Friday, November 28, 2014

A Dog & Cat Flu Review

image

 

# 9382

 

Until about a decade ago, it was widely (and erroneously) believed that dogs and cats were not generally susceptible to influenza A infections. 

 

That perception began to change in 2004 with two unrelated events; the jump of equine H3N8 influenza from horses to Florida greyhounds, and the infection by avian H5N1 of tigers fed infected chickens in Thailand.

 

While not considered major players (yet) in the spread of human or novel influenza viruses, their role as companion animals make dogs and cats of particular interest to influenza researchers.

 

First a look back at some of the evidence on dogs & cats susceptibility to influenza – then I’ll have a couple of new studies that shed additional light on their ability to contract, and spread, certain subtypes of flu.

 

In 2004, the H3N8 equine influenza – a strain that has been around in horses nearly a half century – was discovered to have jumped, and adapted to dogs, creating a new dog-specific (canine) lineage of H3N8. 

 

Since then, H3N8 has continued to spread among dogs both in North America and around the globe.

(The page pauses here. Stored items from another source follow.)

lemma path_image_straight_edges:
  "a \<noteq> b \<Longrightarrow> path_image (straight_edges pos {a, b}) = closed_segment (pos a) (pos b)"
  by (cases rule: straight_edges_doubleton[of a b pos]) (auto simp: closed_segment_commute)

lemma edge_interior_straight_edges:
  "a \<noteq> b \<Longrightarrow> edge_interior pos (straight_edges pos) {a, b} = open_segment (pos a) (pos b)"
  by (simp add: edge_interior_def open_segment_def path_image_straight_edges)

lemma is_drawing_straight_edges:
  assumes inj: "inj_on pos V" and doubletons: "\<forall>e\<in>E. card e = 2"
    and segments: "\<And>a b. {a, b} \<in> E \<Longrightarrow> a \<in> V \<and> b \<in> V \<and>
      (\<forall>w \<in> V. w \<noteq> a \<longrightarrow> w \<noteq> b \<longrightarrow> pos w \<notin> closed_segment (pos a) (pos b))"
  shows "is_drawing V E pos (straight_edges pos)"
proof -
  have "arc (straight_edges pos e) \<and>
      {pathstart (straight_edges pos e), pathfinish (straight_edges pos e)} = pos ` e \<and>
      path_image (straight_edges pos e) \<inter> pos ` V = pos ` e" if e: "e \<in> E" for e
  proof -
    obtain a b where ab: "e = {a, b}" "a \<noteq> b" using doubletons e card_2_iff by metis
    have V: "a \<in> V" "b \<in> V"
      and off: "\<forall>w \<in> V. w \<noteq> a \<longrightarrow> w \<noteq> b \<longrightarrow> pos w \<notin> closed_segment (pos a) (pos b)"
      using segments e ab(1) by blast+
    have "pos a \<noteq> pos b" using inj V ab(2) by (auto dest: inj_onD)
    consider "straight_edges pos e = linepath (pos a) (pos b)"
      | "straight_edges pos e = linepath (pos b) (pos a)"
      unfolding ab(1) by (rule straight_edges_doubleton[OF \<open>a \<noteq> b\<close>])
    then have "arc (straight_edges pos e) \<and>
        {pathstart (straight_edges pos e), pathfinish (straight_edges pos e)} = pos ` e"
      using \<open>pos a \<noteq> pos b\<close> ab(1) by cases (auto simp: arc_linepath)
    moreover have "closed_segment (pos a) (pos b) \<inter> pos ` V = pos ` e"
    proof
      show "closed_segment (pos a) (pos b) \<inter> pos ` V \<subseteq> pos ` e" using off ab(1) by blast
      show "pos ` e \<subseteq> closed_segment (pos a) (pos b) \<inter> pos ` V" using ab(1) V by auto
    qed
    ultimately show ?thesis using path_image_straight_edges[OF \<open>a \<noteq> b\<close>, of pos] ab(1) by simp
  qed
  then show ?thesis using inj unfolding is_drawing_def by blast
qed

lemma open_segment_Int_subsetI:
  fixes a b c d :: complex
  assumes "\<And>u v. 0 < u \<Longrightarrow> u < 1 \<Longrightarrow> 0 < v \<Longrightarrow> v < 1 \<Longrightarrow>
    (1 - u) * Re a + u * Re b = (1 - v) * Re c + v * Re d \<Longrightarrow>
    (1 - u) * Im a + u * Im b = (1 - v) * Im c + v * Im d \<Longrightarrow>
    Complex ((1 - u) * Re a + u * Re b) ((1 - u) * Im a + u * Im b) \<in> S"
  shows "open_segment a b \<inter> open_segment c d \<subseteq> S"
proof
  fix p assume "p \<in> open_segment a b \<inter> open_segment c d"
  then obtain u v where uv: "0 < u" "u < 1" "0 < v" "v < 1"
    "p = (1 - u) *\<^sub>R a + u *\<^sub>R b" "p = (1 - v) *\<^sub>R c + v *\<^sub>R d"
    by (auto simp: in_segment)
  have ab: "p = Complex ((1 - u) * Re a + u * Re b) ((1 - u) * Im a + u * Im b)"
    using uv(5) by (simp add: complex_eq_iff)
  have cd: "p = Complex ((1 - v) * Re c + v * Re d) ((1 - v) * Im c + v * Im d)"
    using uv(6) by (simp add: complex_eq_iff)
  show "p \<in> S" using assms[OF uv(1-4)] ab cd by simp
qed

lemma open_segment_Int_emptyI:
  fixes a b c d :: complex
  assumes "\<And>u v. 0 < u \<Longrightarrow> u < 1 \<Longrightarrow> 0 < v \<Longrightarrow> v < 1 \<Longrightarrow>
    (1 - u) * Re a + u * Re b = (1 - v) * Re c + v * Re d \<Longrightarrow>
    (1 - u) * Im a + u * Im b = (1 - v) * Im c + v * Im d \<Longrightarrow> False"
  shows "open_segment a b \<inter> open_segment c d = {}"
  using open_segment_Int_subsetI[of a b c d "{}"] assms by blast


section \<open>The join \<open>C\<^sub>3 + P\<^sub>3\<close>\<close>

abbreviation C3P3_verts :: "(nat + nat) set" where
  "C3P3_verts \<equiv> join_verts (cycle_verts 3) (path_verts 3)"

abbreviation C3P3_edges :: "(nat + nat) set set" where
  "C3P3_edges \<equiv> join_edges (cycle_verts 3) (cycle_edges 3) (path_verts 3) (path_edges 3)"

lemma atLeast0_lessThan_3: "{0..<3::nat} = {0, 1, 2}"
  by auto

lemma C3P3_verts_eq: "C3P3_verts = {Inl 0, Inl 1, Inl 2, Inr 0, Inr 1, Inr 2}"
  by (auto simp: join_verts_def cycle_verts_def path_verts_def atLeast0_lessThan_3)
(* Let $\mathcal{M}=(E,\mathcal{I})$ be a loopless matroid with $n=|E|$ elements and rank $r\geq 1$ that is uniformly dense. Let $1\leq j\leq n$ and let $(x_1,\dots,x_j)$ be a sequence of $j$ distinct elements of $E$ chosen uniformly at random among all such sequences. Then the probability that $x_j$ is selected by the greedy procedure run on the sequence $(x_1,\dots,x_j)$ is at least $1-(j-1)/r$.
   Context: For a loopless matroid $\mathcal{M}=(E,\mathcal{I})$ with rank function $r(\cdot)$, its density is $\gamma(\mathcal{M})=\max_{\emptyset\neq X\subseteq E}|X|/r(X)$. The matroid is uniformly dense if $|X|/r(X)\leq |E|/r(E)$ for every non-empty $X\subseteq E$. The greedy procedure on a sequence of elements processes them in order and selects an element if and only if it can be added to the previously selected elements while keeping the selected set independent. *)

theory Defs
  imports Complex_Main
begin

definition matroid :: "'a set \<Rightarrow> ('a set \<Rightarrow> bool) \<Rightarrow> bool" where
  "matroid E indep \<longleftrightarrow>
     finite E \<and>
     (\<forall>X. indep X \<longrightarrow> X \<subseteq> E) \<and>
     indep {} \<and>
     (\<forall>X Y. indep X \<and> Y \<subseteq> X \<longrightarrow> indep Y) \<and>
     (\<forall>X Y. indep X \<and> indep Y \<and> card X < card Y \<longrightarrow>
        (\<exists>y \<in> Y - X. indep (insert y X)))"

While we’ve yet to see any evidence that this equine/canine H3N8 virus can infect humans, there are a number of different H3N8 lineages out there, including the equine, canine, avian, and even a recently discovered Mammalian Adapted H3N8 In Seals.

And a related H3N8 virus is thought to have sparked the 1900 influenza pandemic, giving it a track record in humans, and is considered likely to return someday (see Are Influenza Pandemic Viruses Members Of An Exclusive Club?).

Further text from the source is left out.